If you’re using CocoaPods you should include Pods.debug.xcconfig or Pods.release.xcconfig respectively in one of your configuration files. I recommend to set your configuration file first in Project Info tab and the execute pod install to let the Pods project reconfigure. After installation is ended you’ll be prompted to include one of Pods’ configuration files to your file.

Error:

[!] CocoaPods did not set the base configuration of your project because your project already has a custom config set. In order for CocoaPods integration to work at all, please either set the base configurations of the target TARGET_NAME to Pods/Target Support Files/Pods/Pods.debug.xcconfig or include the Pods/Target Support Files/Pods/Pods.debug.xcconfig in your build configuration.</em>

//
//  Common.debug.xcconfig
//  <truncated>
//

#include "Common.xcconfig"
#include "Pods/Target Support Files/Pods/Pods.debug.xcconfig"

APP_NAME = App Debug
API_KEY_A = API_KEY_HERE
API_KEY_B = API_KEY_HERE

PerTarget.xcconfig

I do not need debug/release configuration files on this level (because of other legacy issues in the project), so I just have PerTarget.xcconfig files that include proper Common.debug.xcconfig or Common.release.xcconfig file to it. But better would be to have debug and release configuration files. On this level you can keep things related to a specific target.

//
//  Develop.xcconfig
//  <truncated>
//

#include "Common.debug.xcconfig"

BACKEND_URL = http:\/\/develop.api.szulctomasz.com
SOME_KEY_A = VALUE_HERE
SOME_KEY_B = VALUE_HERE

Accessing variables

All configuration data is stored. Now is time to use them. With so many targets like in my case I can reduce number of Info.plist files to just 1 instead of having multiple files because all differences are in xcconfig files now.

You can see that after you build the app with such configuration files there will be some values in Project’s Build Settings in “User-Defined” section.

If you want to use variable from configuration file e.g. in Info.plist file of a target you have to use this pattern: $(VARIABLE).

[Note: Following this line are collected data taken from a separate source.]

lemma three_eq_zero_CHAR_3: "(3 :: 'a) = 0"
  using of_nat_CHAR[where 'a = 'a] CHAR_3 by simp

lemma zero_one_two_distinct_CHAR_3: "(0 :: 'a) \<noteq> 1" "(0 :: 'a) \<noteq> 2" "(1 :: 'a) \<noteq> 2"
proof -
  have "of_nat k \<noteq> (0 :: 'a)" if "k \<in> {1, 2}" for k
    using that CHAR_3 by (auto simp: of_nat_eq_0_iff_char_dvd)
  then show "(0 :: 'a) \<noteq> 1" "(0 :: 'a) \<noteq> 2" "(1 :: 'a) \<noteq> 2"
    by (metis insertCI of_nat_1 of_nat_numeral add_cancel_right_right one_add_one)+
qed

lemma sum_zero_one_two_CHAR_3:
  "(\<Sum>v\<in>{0, 1, 2 :: 'a}. g v) = g 0 + g 1 + (g 2 :: 'b::comm_monoid_add)"
  using zero_one_two_distinct_CHAR_3 by (simp add: add.assoc)

end

lemma cube_eq_self_iff_CHAR_3:
  fixes c :: "'a::idom"
  assumes "CHAR('a) = 3"
  shows "c ^ 3 = c \<longleftrightarrow> c \<in> {0, 1, 2}"
proof -
  have "c ^ 3 - c = c * (c - 1) * (c - 2) + 3 * (c ^ 2 - c)"
    by (simp add: algebra_simps power2_eq_square power3_eq_cube)
  then have "c ^ 3 - c = c * (c - 1) * (c - 2)"
    using three_eq_zero_CHAR_3[OF assms] by simp
  then show ?thesis
    by (auto simp: eq_iff_diff_eq_0[of "c ^ 3"])
qed

lemma abs_trace3_zero: "abs_trace3 m (0 :: 'a::field) = 0"
  by (simp add: abs_trace3_def power_0_left)

lemma abs_trace3_add:
  fixes x y :: "'a::field"
  assumes "CHAR('a) = 3"
  shows "abs_trace3 m (x + y) = abs_trace3 m x + abs_trace3 m y"
proof -
  have "(x + y) ^ (3 ^ j) = x ^ (3 ^ j) + y ^ (3 ^ j)" for j
    by (rule freshmans_dream') (use assms in auto)
  then show ?thesis
    unfolding abs_trace3_def by (simp add: sum.distrib)
qed

lemma abs_trace3_scale:
  fixes c x :: "'a::field"
  assumes "c ^ 3 = c"
  shows "abs_trace3 m (c * x) = c * abs_trace3 m x"
  unfolding abs_trace3_def
  by (simp add: power_mult_distrib power_power_eq_self[OF assms] sum_distrib_left)

definition trace_pair_count :: "nat \<Rightarrow> 'a::field \<Rightarrow> 'a \<Rightarrow> nat" where
  "trace_pair_count m u v = card {x. abs_trace3 m x = u \<and> abs_trace3 m (x ^ 2) = v}"

context
  fixes m :: nat
  assumes m_pos: "m \<ge> 1"
    and card_UNIV: "card (UNIV :: 'a::{field,finite} set) = 3 ^ m"
begin

lemma CHAR_eq_3: "CHAR('a) = 3"
proof -
  have "prime CHAR('a)"
    by (intro prime_CHAR_semidom finite_imp_CHAR_pos) simp
  moreover have "CHAR('a) dvd 3 ^ m"
    using CHAR_dvd_CARD[where 'a = 'a] card_UNIV by simp
  ultimately have "CHAR('a) dvd 3"
    using prime_dvd_power by blast
  with \<open>prime CHAR('a)\<close> show ?thesis
    by (simp add: primes_dvd_imp_eq)
qed

lemma abs_trace3_cube: "abs_trace3 m (x :: 'a) ^ 3 = abs_trace3 m x"
proof -
  have "abs_trace3 m x ^ 3 = (\<Sum>j<m. x ^ (3 ^ Suc j))"
    unfolding abs_trace3_def
    by (subst freshmans_dream_sum) (simp_all add: CHAR_eq_3 power_mult[symmetric] mult.commute)
  moreover have "(\<Sum>j<Suc m. x ^ (3 ^ j)) = x + (\<Sum>j<m. x ^ (3 ^ Suc j))"
    by (subst sum.lessThan_Suc_shift) simp
  moreover have "x ^ (3 ^ m) = x"
    using power_card_eq_self[of x] card_UNIV by simp
  ultimately show ?thesis
    unfolding abs_trace3_def by (simp add: add.commute)
qed

lemma abs_trace3_in_F3: "abs_trace3 m (x :: 'a) \<in> {0, 1, 2}"
  using abs_trace3_cube cube_eq_self_iff_CHAR_3[OF CHAR_eq_3] by blast

lemma abs_trace3_nonzero: "\<exists>z :: 'a. abs_trace3 m z \<noteq> 0"
proof -
  define p :: "'a poly" where "p = (\<Sum>j<m. monom 1 (3 ^ j))"
  have "coeff p (3 ^ (m - 1)) = (\<Sum>j<m. if 3 ^ j = (3::nat) ^ (m - 1) then 1 else 0)"
    unfolding p_def by (simp add: coeff_sum coeff_monom)
  also have "\<dots> = (\<Sum>j\<in>{m - 1}. 1)"
    by (rule sum.mono_neutral_cong_right) (use m_pos in auto)
  finally have "p \<noteq> 0"
    by auto
  moreover have "degree p \<le> 3 ^ (m - 1)"
    unfolding p_def
    by (rule degree_sum_le) (use m_pos in \<open>auto intro: order.trans[OF degree_monom_le]\<close>)
  moreover have "(3::nat) ^ (m - 1) < 3 ^ m"
    using m_pos by simp
  ultimately obtain z where "poly p z \<noteq> 0"
    using poly_nonzero_somewhere[of p] card_UNIV by fastforce
  moreover have "poly p z = abs_trace3 m z"
    unfolding p_def abs_trace3_def by (simp add: poly_sum poly_monom)
  ultimately show ?thesis
    by auto
qed

lemma abs_trace3_surj:
  assumes "c \<in> {0, 1, 2}"
  shows "\<exists>w :: 'a. abs_trace3 m w = c"
proof -
  obtain z :: 'a where z: "abs_trace3 m z \<noteq> 0"
    using abs_trace3_nonzero by blast
  define t where "t = abs_trace3 m z"
  have "t * (t ^ 2 - 1) = 0"
    using abs_trace3_cube[of z] by (simp add: t_def algebra_simps power2_eq_square power3_eq_cube)
  then have "t * t = 1"
    using z by (simp add: t_def power2_eq_square)
  then have "abs_trace3 m (t * z) = 1"
    by (simp add: abs_trace3_scale abs_trace3_cube t_def)
  moreover have "c ^ 3 = c"
    using assms cube_eq_self_iff_CHAR_3[OF CHAR_eq_3] by blast
  ultimately have "abs_trace3 m (c * (t * z)) = c"
    by (simp add: abs_trace3_scale)
  then show ?thesis ..
qed

lemma card_abs_trace3_fiber:
  assumes "c \<in> {0, 1, 2}"
  shows "card {x :: 'a. abs_trace3 m x = c} = 3 ^ (m - 1)"
proof -
  have fiber_eq_kernel: "card {x :: 'a. abs_trace3 m x = c} = card {x :: 'a. abs_trace3 m x = 0}"
    if c_F3: "c \<in> {0, 1, 2}" for c
  proof -
    obtain w :: 'a where "abs_trace3 m w = c"
      using abs_trace3_surj[OF c_F3] ..
    then show ?thesis
      using card_fiber_additive[of "abs_trace3 m" w] abs_trace3_add[OF CHAR_eq_3] by simp
  qed
  have "3 ^ m = card (UNIV :: 'a set)"
    using card_UNIV ..
  also have "\<dots> = (\<Sum>c\<in>{0, 1, 2 :: 'a}. card {x\<in>UNIV. abs_trace3 m x = c})"
    by (rule card_eq_sum_card_fibers) (use abs_trace3_in_F3 in auto)
  also have "\<dots> = 3 * card {x :: 'a. abs_trace3 m x = 0}"
    using fiber_eq_kernel[of 1] fiber_eq_kernel[of 2]
    by (simp add: sum_zero_one_two_CHAR_3[OF CHAR_eq_3])
  finally have "3 * 3 ^ (m - 1) = 3 * card {x :: 'a. abs_trace3 m x = 0}"
    using m_pos by (cases m) auto
  then show ?thesis
    using fiber_eq_kernel[OF assms] by simp
qed

lemma sum_trace_pair_count_row:
  assumes "u \<in> {0, 1, 2}"
  shows "(\<Sum>v\<in>{0, 1, 2}. real (trace_pair_count m (u :: 'a) v)) = 3 ^ (m - 1)"
proof -
  have "card {x :: 'a. abs_trace3 m x = u}
      = (\<Sum>v\<in>{0, 1, 2}. card {x\<in>{x. abs_trace3 m x = u}. abs_trace3 m (x ^ 2) = v})"
    by (rule card_eq_sum_card_fibers) (use abs_trace3_in_F3 in auto)
  then have "(\<Sum>v\<in>{0, 1, 2}. trace_pair_count m u v) = 3 ^ (m - 1)"
    using card_abs_trace3_fiber[OF assms] by (simp add: trace_pair_count_def)
  then show ?thesis
    by (metis of_nat_sum of_nat_numeral of_nat_power)
qed

lemma card_shift_collisions:
  "card {y :: 'a. abs_trace3 m (y + h) = abs_trace3 m y
                 \<and> abs_trace3 m ((y + h) ^ 2) = abs_trace3 m (y ^ 2)}
   = (if h = 0 then 3 ^ m else if abs_trace3 m h = 0 then 3 ^ (m - 1) else 0)"
proof -
  have Tr_add: "abs_trace3 m (x + y) = abs_trace3 m x + abs_trace3 m y" for x y :: 'a
    using abs_trace3_add[OF CHAR_eq_3] .
  have "(y + h) ^ 2 = y ^ 2 + (2 * h * y + h ^ 2)" for y
    by (simp add: power2_eq_square algebra_simps)
  then have collision_iff: "abs_trace3 m (y + h) = abs_trace3 m y
      \<and> abs_trace3 m ((y + h) ^ 2) = abs_trace3 m (y ^ 2)
    \<longleftrightarrow> abs_trace3 m h = 0 \<and> 2 * h * y + h ^ 2 \<in> {z. abs_trace3 m z = 0}" for y
    by (simp add: Tr_add)
  show ?thesis
  proof (cases "h = 0")
    case True
    then show ?thesis
      using card_UNIV by (simp add: abs_trace3_zero)
  next
    case False
    then have "2 * h \<noteq> 0"
      using zero_one_two_distinct_CHAR_3[OF CHAR_eq_3] by simp
    then show ?thesis
      using False card_affine_preimage[of "2 * h" "h ^ 2" "{z. abs_trace3 m z = 0}"]
        card_abs_trace3_fiber[of 0]
      by (simp add: collision_iff)
  qed
qed

lemma card_trace_pair_collisions:
  "card {(x :: 'a, y). abs_trace3 m x = abs_trace3 m y \<and> abs_trace3 m (x ^ 2) = abs_trace3 m (y ^ 2)}
   = (3 ^ (m - 1)) ^ 2 + 2 * 3 ^ (m - 1)"
proof -
  define r :: nat where "r = 3 ^ (m - 1)"
  define K where "K = {h :: 'a. abs_trace3 m h = 0}"
  have "0 \<in> K"
    by (simp add: K_def abs_trace3_zero)
  have "3 ^ m = 3 * r"
    using m_pos by (cases m) (simp_all add: r_def)
  have "card {(x :: 'a, y). abs_trace3 m x = abs_trace3 m y \<and> abs_trace3 m (x ^ 2) = abs_trace3 m (y ^ 2)}
      = (\<Sum>h\<in>UNIV. card {y :: 'a. abs_trace3 m (y + h) = abs_trace3 m y
                                  \<and> abs_trace3 m ((y + h) ^ 2) = abs_trace3 m (y ^ 2)})"
    by (rule card_pairs_by_difference)
  also have "\<dots> = (\<Sum>h\<in>UNIV. if h = 0 then 3 * r else if h \<in> K then r else 0)"
    unfolding card_shift_collisions \<open>3 ^ m = 3 * r\<close> by (rule sum.cong) (simp_all add: r_def K_def)
  also have "\<dots> = 3 * r + (\<Sum>h\<in>K - {0}. r)"
    by (subst sum.remove[of _ 0]) (auto simp: sum.If_cases Int_def Diff_eq conj_commute)
  also have "\<dots> = 3 * r + (r - 1) * r"
    using \<open>0 \<in> K\<close> card_abs_trace3_fiber[of 0] by (simp add: K_def r_def)
  also have "\<dots> = r ^ 2 + 2 * r"
    by (cases r) (simp_all add: power2_eq_square algebra_simps)
  finally show ?thesis
    unfolding r_def .
qed

lemma sum_trace_pair_count_squares:
  "(\<Sum>u\<in>{0, 1, 2}. \<Sum>v\<in>{0, 1, 2}. trace_pair_count m (u :: 'a) v ^ 2)
   = (3 ^ (m - 1)) ^ 2 + 2 * 3 ^ (m - 1)"
proof -
  let ?f = "\<lambda>x :: 'a. (abs_trace3 m x, abs_trace3 m (x ^ 2))"
  have "(\<Sum>u\<in>{0, 1, 2}. \<Sum>v\<in>{0, 1, 2}. trace_pair_count m (u :: 'a) v ^ 2)
      = (\<Sum>(u, v)\<in>{0, 1, 2 :: 'a} \<times> {0, 1, 2}. trace_pair_count m u v ^ 2)"
    by (rule sum.cartesian_product)
  also have "\<dots> = (\<Sum>w\<in>{0, 1, 2} \<times> {0, 1, 2}. card {x. ?f x = w} ^ 2)"
    by (rule sum.cong) (auto simp: trace_pair_count_def)
  also have "\<dots> = card {(x, y). ?f x = ?f y}"
    by (rule sum_card_fibers_squared) (use abs_trace3_in_F3 in auto)
  also have "\<dots> = (3 ^ (m - 1)) ^ 2 + 2 * 3 ^ (m - 1)"
    using card_trace_pair_collisions by simp
  finally show ?thesis .
qed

This way you can set “Bundle Identifier”, “Bundle name”, “Bundle version” and other stuff you need to configure.

Accessing other variables in the code looks different and a way that I found the easiest one is to create additional fields in Info.plist with the same name as a variable and assign value to them using pattern presented above. Then you can read the value in the code.

if let dictionary = NSBundle.mainBundle().infoDictionary {
    let appName = dictionary["APP_NAME"] as! String
    let appVersion = dictionary["APP_VERSION"] as! String
    let appBuildVersion = dictionary["APP_BUILD_VERSION"] as! String
    print("\(appName) \(appVersion) (\(appBuildVersion))")

    let backend = (dictionary["BACKEND_URL"] as! String).stringByReplacingOccurrencesOfString("\\", withString: "")
    print("backend: \(backend)")
}

Here is the tomkowz/demo-xcconfig repository where you can find example of using xcconfig files.

Conclusion

Xcode Configuration Settings files give easy way of configuring targets and allow to maintain configurations easily. In my use case it is great to switch to these files, because now maintenance of configurations is really easy compared to what I had before using this solution.